The WoodTop 75 Count Cigar Humidor is the company’s sole humidor design—and looks pretty similar to the aforementioned Diamond Crown Humidors by Reed & Barton—offered in three different finishes. On the outside, each humidor measures 13.25 inches x 9.25 inches x 5.25 inches. All three models are made of solid cherry hardwoods with solid Spanish cedar on the inside. I measured the cherry wood thickness to be around .625 inches thick, while the interior Spanish cedar pieces came in at .325 inches.

While there’s plenty of Spanish cedar in the bottom of the humidor, the WoodTop name refers to the fact the inside of the lid does not have Spanish cedar. Instead, it has the same stained cherry wood as the exterior, which creates an interesting look.


All three humidors are listed at $475, though that doesn’t seem to be the street price.

As of August 2023, the American Chest Co. website lists the three humidors at:

  • Heritage (Cherry) — $369.95
  • English Walnut — $399.95
  • Mahogany — $399.95

We paid $399.95 for the English Walnut finish in October 2022.


  • The Humidor
  • One Analog Hygrometer, attached via velcro
  • One Boveda Holder, attached via magnets
  • Removable Spanish Cedar Divider
  • Two 60-gram Boveda Seasoning Packs
  • Two 60-gram Boveda Packs


I measured the interior of the humidor at 11.25 inches x 7.5 x 3.925 for a total volume of 331.17 cubic inches.
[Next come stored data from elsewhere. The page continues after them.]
locale tanner_flip =
  fixes n :: nat and R :: "'r set" and nb :: "'r \<Rightarrow> nat list" and c d d0 :: nat
    and C0 :: "bool list set" and x y :: "nat \<Rightarrow> bool"
  assumes biregular: "biregular n R nb c d"
    and c_pos: "0 < c"
    and code: "linear_code d C0"
    and distance: "\<And>u w. u \<in> C0 \<Longrightarrow> w \<in> C0 \<Longrightarrow> u \<noteq> w \<Longrightarrow> d0 \<le> hamming_list u w"
    and d0_pos: "0 < d0"
    and y_in_code: "y \<in> tanner_code n R nb C0"
begin

(* In the notation of RandFlip, dec v is w_v, and an active check v adds flip_weight v to p_i
   for i = flip_pos v. Flipping x_i decreases d_H(x, y) by flip_gain i. *)

definition t :: real where
  "t = real d0 / 2"

definition errors :: "nat set" where
  "errors = {i \<in> {0..<n}. x i \<noteq> y i}"

definition local_errors :: "'r \<Rightarrow> nat" where
  "local_errors v = hamming_list (local_view nb x v) (local_view nb y v)"

definition dec :: "'r \<Rightarrow> bool list" where
  "dec v = decode C0 (local_view nb x v)"

definition dec_dist :: "'r \<Rightarrow> nat" where
  "dec_dist v = hamming_list (dec v) (local_view nb x v)"

definition active :: "'r \<Rightarrow> bool" where
  "active v \<longleftrightarrow> 0 < dec_dist v \<and> real (dec_dist v) < t"

definition flip_pos :: "'r \<Rightarrow> nat" where
  "flip_pos v = first_diff nb x (dec v) v"

definition flip_weight :: "'r \<Rightarrow> real" where
  "flip_weight v = (t - real (dec_dist v)) / (real c * t)"

definition flip_gain :: "nat \<Rightarrow> real" where
  "flip_gain i = (if i \<in> errors then 1 else - 1)"

lemma t_pos: "0 < t"
  unfolding t_def using d0_pos by simp

lemma finite_R: "finite R"
  using biregular unfolding biregular_def by blast

lemma
  assumes "v \<in> R"
  shows distinct_nb: "distinct (nb v)"
    and set_nb_subset: "set (nb v) \<subseteq> {0..<n}"
    and length_nb: "length (nb v) = d"
  using biregular assms unfolding biregular_def by blast+

lemma degree: "i < n \<Longrightarrow> card {v \<in> R. i \<in> set (nb v)} = c"
  using biregular unfolding biregular_def by simp

lemma degree_le: "card {v \<in> R. i \<in> set (nb v)} \<le> c"
proof (cases "i < n")
  case False
  then have "{v \<in> R. i \<in> set (nb v)} = {}"
    using set_nb_subset by fastforce
  then show ?thesis
    by (metis card.empty le0)
qed (simp add: degree)

lemma length_local_view: "v \<in> R \<Longrightarrow> length (local_view nb z v) = d"
  by (simp add: local_view_def length_nb)

lemma local_view_y_in_code: "v \<in> R \<Longrightarrow> local_view nb y v \<in> C0"
  using y_in_code unfolding tanner_code_def by blast

lemma code_length: "w \<in> C0 \<Longrightarrow> length w = d"
  using code unfolding linear_code_def by blast

lemma
  shows dec_in_code: "dec v \<in> C0"
    and dec_closest: "u \<in> C0 \<Longrightarrow> dec_dist v \<le> hamming_list u (local_view nb x v)"
proof -
  have "finite C0" "C0 \<noteq> {}"
    using code linear_code_finite unfolding linear_code_def by blast+
  then show "dec v \<in> C0" "u \<in> C0 \<Longrightarrow> dec_dist v \<le> hamming_list u (local_view nb x v)"
    unfolding dec_def dec_dist_def using decode_in_code decode_closest code_length by blast+
qed

lemma local_errors_eq_card:
  assumes "v \<in> R"
  shows "local_errors v = card (errors \<inter> set (nb v))"
proof -
  have "local_errors v = card {i \<in> set (nb v). x i \<noteq> y i}"
    unfolding local_errors_def local_view_def by (rule hamming_list_map_distinct[OF distinct_nb[OF assms]])
  also have "{i \<in> set (nb v). x i \<noteq> y i} = errors \<inter> set (nb v)"
    using set_nb_subset[OF assms] unfolding errors_def by auto
  finally show ?thesis .
qed

lemma dec_dist_le_local_errors: "v \<in> R \<Longrightarrow> dec_dist v \<le> local_errors v"
  using dec_closest[OF local_view_y_in_code, of v v]
  unfolding local_errors_def by (simp add: hamming_list_commute)

lemma dec_dist_eq_if_correct: "dec v = local_view nb y v \<Longrightarrow> dec_dist v = local_errors v"
  unfolding dec_dist_def local_errors_def by (simp add: hamming_list_commute)

lemma distance_le_if_miscorrect:
  assumes "v \<in> R" "dec v \<noteq> local_view nb y v"
  shows "d0 \<le> dec_dist v + local_errors v"
proof -
  have "d0 \<le> hamming_list (dec v) (local_view nb y v)"
    using distance[OF dec_in_code local_view_y_in_code] assms by blast
  also have "\<dots> \<le> dec_dist v + local_errors v"
    unfolding dec_dist_def local_errors_def using assms(1)
    by (intro hamming_list_triangle) (simp_all add: length_local_view code_length[OF dec_in_code])
  finally show ?thesis .
qed

lemma dec_correct_if_few_errors:
  assumes "v \<in> R" "real (local_errors v) < t"
  shows "dec v = local_view nb y v"
proof (rule ccontr)
  assume "dec v \<noteq> local_view nb y v"
  then have "real d0 \<le> real (dec_dist v) + real (local_errors v)"
    using distance_le_if_miscorrect[OF assms(1)] by simp
  moreover have "dec_dist v \<le> local_errors v"
    using dec_dist_le_local_errors[OF assms(1)] .
  ultimately show False
    using assms(2) unfolding t_def by linarith
qed

lemma
  assumes "v \<in> R" "active v"
  shows flip_pos_in_nbhd: "flip_pos v \<in> set (nb v)"
    and flip_pos_in_errors: "dec v = local_view nb y v \<Longrightarrow> flip_pos v \<in> errors"
proof -
  have "0 < hamming_list (dec v) (local_view nb x v)"
    using assms(2) unfolding active_def dec_dist_def by simp
  moreover have "length (dec v) = length (nb v)"
    using assms(1) code_length[OF dec_in_code] length_nb by simp
  ultimately have "\<exists>k<length (nb v). flip_pos v = nb v ! k \<and> dec v ! k \<noteq> x (nb v ! k)"
    unfolding flip_pos_def by (rule first_diff_in_nbhd)
  then obtain k where k: "k < length (nb v)" "flip_pos v = nb v ! k" "dec v ! k \<noteq> x (nb v ! k)"
    by blast
  then show "flip_pos v \<in> set (nb v)"
    by simp
  then have "flip_pos v < n"
    using set_nb_subset[OF assms(1)] by auto
  then show "flip_pos v \<in> errors" if "dec v = local_view nb y v"
    using k that unfolding errors_def local_view_def by auto
qed

lemma flip_prob_eq:
  "flip_prob R nb c C0 d0 x i = (\<Sum>v \<in> {v \<in> R. active v \<and> flip_pos v = i}. flip_weight v)"
  unfolding flip_prob_def active_def flip_pos_def flip_weight_def dec_dist_def dec_def t_def Let_def
  by (simp add: conj_assoc Suc_le_eq)

lemma
  assumes "active v"
  shows flip_weight_nonneg: "0 \<le> flip_weight v"
    and flip_weight_le: "flip_weight v \<le> 1 / real c"
  using assms t_pos c_pos unfolding active_def flip_weight_def by (auto simp: field_simps)

lemma flip_prob_bounds: "0 \<le> flip_prob R nb c C0 d0 x i \<and> flip_prob R nb c C0 d0 x i \<le> 1"
proof -
  let ?V = "{v \<in> R. active v \<and> flip_pos v = i}"
  have "?V \<subseteq> {v \<in> R. i \<in> set (nb v)}"
    using flip_pos_in_nbhd by blast
  then have "card ?V \<le> card {v \<in> R. i \<in> set (nb v)}"
    using finite_R by (intro card_mono) auto
  also have "\<dots> \<le> c"
    by (rule degree_le)
  finally have "card ?V \<le> c" .
  have "(\<Sum>v \<in> ?V. flip_weight v) \<le> real (card ?V) * (1 / real c)"
    using flip_weight_le by (intro sum_bounded_above) auto
  also have "\<dots> \<le> 1"
    using \<open>card ?V \<le> c\<close> c_pos by (simp add: field_simps)
  finally show ?thesis
    unfolding flip_prob_eq using flip_weight_nonneg by (auto intro: sum_nonneg)
qed

lemma neg_flip_weight_ge:
  assumes "v \<in> R" "active v" "t \<le> real (local_errors v)"
  shows "(t - real (local_errors v)) / (real c * t) \<le> - flip_weight v"
proof -
  have "dec v \<noteq> local_view nb y v"
    using assms(2,3) dec_dist_eq_if_correct unfolding active_def by auto
  then have "real d0 \<le> real (dec_dist v) + real (local_errors v)"
    using distance_le_if_miscorrect[OF assms(1)] by linarith
  then have "t - real (local_errors v) \<le> - (t - real (dec_dist v))"
    unfolding t_def by simp
  then show ?thesis
    unfolding flip_weight_def minus_divide_left using c_pos t_pos by (intro divide_right_mono) auto
qed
Per Humidor Discount’s humidor calculator, that is enough to hold 60 robustos if you maximize the space.


It’s made by Amish craftsmen. I’m not sure how much that matters, but it’s certainly a unique selling point.


Last year, I updated the testing procedures used for humidors. Each humidor goes through a standardized testing process for seasoning, use with Boveda packs, use with the included humidifier and a test in a dry cabinet to evaluate the seal.

Measurements are taken via a scale, two SensorPush devices and a moisture meter.

Ideally, each humidor follows this standardized process:

  1. Boveda seasoning packs for 14 days (Weigh before and after, use moisture meter before and after.)
  2. Boveda packs for 13 weeks (Weigh before and after, measure with moisture meter after.)
  3. (Optional Reseasoning)
  4. Included humidifier for eight weeks (Optional refill at 28 days, measure with moisture meter after.)
  5. (Optional Reseasoning)
  6. Two weeks inside of the dry cabinet. (Measure with moisture meter after.)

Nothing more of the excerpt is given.